Horror start stuns Rory into silence
As the tyre advert says, power is nothing without control. And so there was no salvation for Rory McIlroy as the wheels came off in a demolition derby start to the US Open at Shinnecock Hills.
Although Wednesday's rain softened the greens a touch, the players arrived to see the flags blown stiff by a westerly wind that few had experienced in practice and it turned out to be an ill-wind for McIlroy, who has now broken par just twice in 19 US Open rounds since he won in 2011.
With the pins tucked near the edges of quick, slopey greens, and a 25mph wind rippling the fescue, only those with full control of their swing survived the opening morning.
McIlroy planned to play conservatively from the tee, but he needed a hot putter to make up for a misfiring long game and trudged off without a word to the media after a 10-over 80 - his highest score in relation to par in 135 rounds at the Majors.
"Perseverance, commitment and discipline," 2013 winner Justin Rose said when asked for three adjectives to describe a one-over 71 that left him two shots adrift of early leaders Ian Poulter and Scott Piercy, who shot other-worldly 69s.
McIlroy could not be accused of lacking in any of those departments, but he failed when it came to execution, missing half the fairways and hitting just 27pc of the greens (five of 18) in regulation.
Shinnecock Hills' fairways might be generous in parts but the fescue is lethal, and McIlroy found it often, even when hitting irons from the tee.
Perhaps it would have been different had he made a 10-footer for birdie at his opening hole, the 10th.
But despite making three birdies in his round, he hit too many poor shots and was punished in US Open fashion.
Struggling in the crosswind, he missed the short 11th in the bunker right (bogey), the 12th fairway right (bogey) and the 13th right with a wedge from the centre of the fairway (bunker), three-putting from 35 feet for a double-bogey six.
He then made another six at the 536-yard, par-four 14th, where his driver sailed deep in the rough from where he could only advance the ball a few yards.
It was starting to get ugly, and after his ironic "hurray" when a 15-footer dropped for a birdie at the 15th, he took six at the uphill, 620-yard, par-five 16th after tangling with a fairway bunker.
The steady wind was playing havoc with the field, and there were some 50 yards between Mickelson's pushed tee shot at the 185-yard 17th and McIlroy's weak push.
Both got up and down for par, but while Mickelson, who shot 77, somehow turned in four-over 39 to match Jordan Spieth, who shot a 78, McIlroy was out in seven-over 42 after another missed green led to a bogey at the 18th.
His championship challenge was not quite over until he managed to double-bogey the first, losing another long iron from the tee, sending it 30 yards right into the thick grass.
His approach flew well left into more jungle, and after barely hacking his third into the bunker in front of him, he took three more to get down from there for his third double-bogey six of the day.
He missed the 252-yard second well right too and bogeyed again to go 10-over before making a four-footer at the par-five fifth and a 25-footer at the sixth for back-to-back birdies to get back to eight-over.
But he then missed the tricky seventh long and left, failing from four feet for par before dropping another shot at the ninth.
Spieth shot 78 and was in trouble from the moment he three-putted the 10th and overshot the short 11th from a greenside bunker, running up a triple-bogey six after his first chip came back to his feet.
As for Mickelson, who is trying to complete the career Grand Slam this week, the left-hander made just one birdie in his 77 despite missing only one fairway.
Poulter made three birdies and two bogeys, breaking 70 for just the fourth time in 42 US Open rounds.
"It was extremely windy, and it was extremely difficult.
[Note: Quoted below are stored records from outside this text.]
(* Let $\alpha=1-e^{-\lambda\xi T}$ and let $U,B>0$ be constants such that for every measurable $f:\mathbb{R}\times[0,T]\to[0,\infty)$ with $|f(z,t)-f(\tilde z,t)|\le|z-\tilde z|$ for all $z,\tilde z\in\mathbb{R}$, $t\in[0,T]$, one has $\sup_{t\in[0,T]}Jf(0,t)\le U+\alpha\big(\sup_{t\in[0,T]}f(0,t)+B/\xi\big)$. Let $M_n:=\sup_{t\in[0,T]}v_n(0,t)$ for $n\ge0$. Then for all $n\ge 0$, $$M_n<M_\infty:=\frac{U}{1-\alpha}+\frac{\alpha}{1-\alpha}\frac{B}{\xi}+K_1<\infty.$$
   Context: Fix constants $r>0$, $\sigma>0$, $\lambda>0$, $T>0$, $K_1\ge 0$ and $\zeta\in\{-1,1\}$. Let $\nu$ be a probability measure on $(0,\infty)$ with $\xi:=\int_{(0,\infty)}y\,\nu(dy)<\infty$, and set $\mu:=\lambda(\xi-1)$. For $t\in[0,T]$ let $q_t:=\frac{1}{rT}(1-e^{-r(T-t)})$. On a probability space with probability measure $\mathbb{Q}$ carrying a standard Brownian motion $W$, for $t\in[0,T]$ and $z\in\mathbb{R}$ let $Z^{t,z}=(Z^{t,z}_s)_{0\le s\le T-t}$ be the solution of $dZ^{t,z}_s=-\mu(q_{t+s}-Z^{t,z}_s)\,ds+\sigma(q_{t+s}-Z^{t,z}_s)\,dW_s$, $Z^{t,z}_0=z$. For measurable $f:\mathbb{R}\times[0,T]\to[0,\infty)$ define $$Pf(z,t):=\int_{(0,\infty)} f\Big(\frac{z}{y}+q_t\frac{y-1}{y},t\Big)\,y\,\nu(dy),$$ $$Jf(z,t):=\mathbb{E}^{\mathbb{Q}}\Big\{e^{-\lambda\xi(T-t)}\big(\zeta(Z^{t,z}_{T-t}-K_1)\big)^++\int_0^{T-t}e^{-\lambda\xi s}\lambda\, Pf(Z^{t,z}_s,t+s)\,ds\Big\}.$$ Define $v_0(z,t):=(\zeta(z-K_1))^+$ and $v_{n+1}:=Jv_n$ for $n\ge0$. (Such constants $U,B$ exist; the paper establishes this.) *)

theory Defs
  imports "HOL-Probability.Probability"
begin

definition std_BM :: "'a measure \<Rightarrow> (real \<Rightarrow> 'a \<Rightarrow> real) \<Rightarrow> bool" where
  "std_BM M W \<longleftrightarrow> prob_space M
     \<and> (\<forall>t. W t \<in> borel_measurable M)
     \<and> (\<forall>\<omega>\<in>space M. W 0 \<omega> = 0 \<and> continuous_on {0..} (\<lambda>t. W t \<omega>))
     \<and> (\<forall>s t. 0 \<le> s \<longrightarrow> s < t \<longrightarrow>
          distributed M lborel (\<lambda>\<omega>. W t \<omega> - W s \<omega>)
            (\<lambda>x. ennreal (normal_density 0 (sqrt (t - s)) x)))
     \<and> (\<forall>ts :: real list. sorted_wrt (<) ts \<longrightarrow> (\<forall>u\<in>set ts. 0 \<le> u) \<longrightarrow>
          prob_space.indep_vars M (\<lambda>_. borel)
            (\<lambda>i \<omega>. W (ts ! Suc i) \<omega> - W (ts ! i) \<omega>) {..<length ts - 1})"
So to come off the golf course under-par is extremely satisfying," Poulter said.
On the mindset required to do well, he said: "Patience is everything, especially this week and especially any US Open. Every one of the US Opens I've played in the past, I've been disappointed. I've been angry. I've been frustrated.
"They're tough. They're always set up difficult. They're supposed to be difficult. But shooting over-par is hard to take sometimes."
Rose, one of the pre-tournament favourites, was equally thrilled with his 71.
"Got in the car, didn't pay much attention," he said. "Arrived here, I'm like whoa, what's going on? The wind, the flags were already, you know, fluttering dead straight. So I knew I was in for a tough day when I saw that."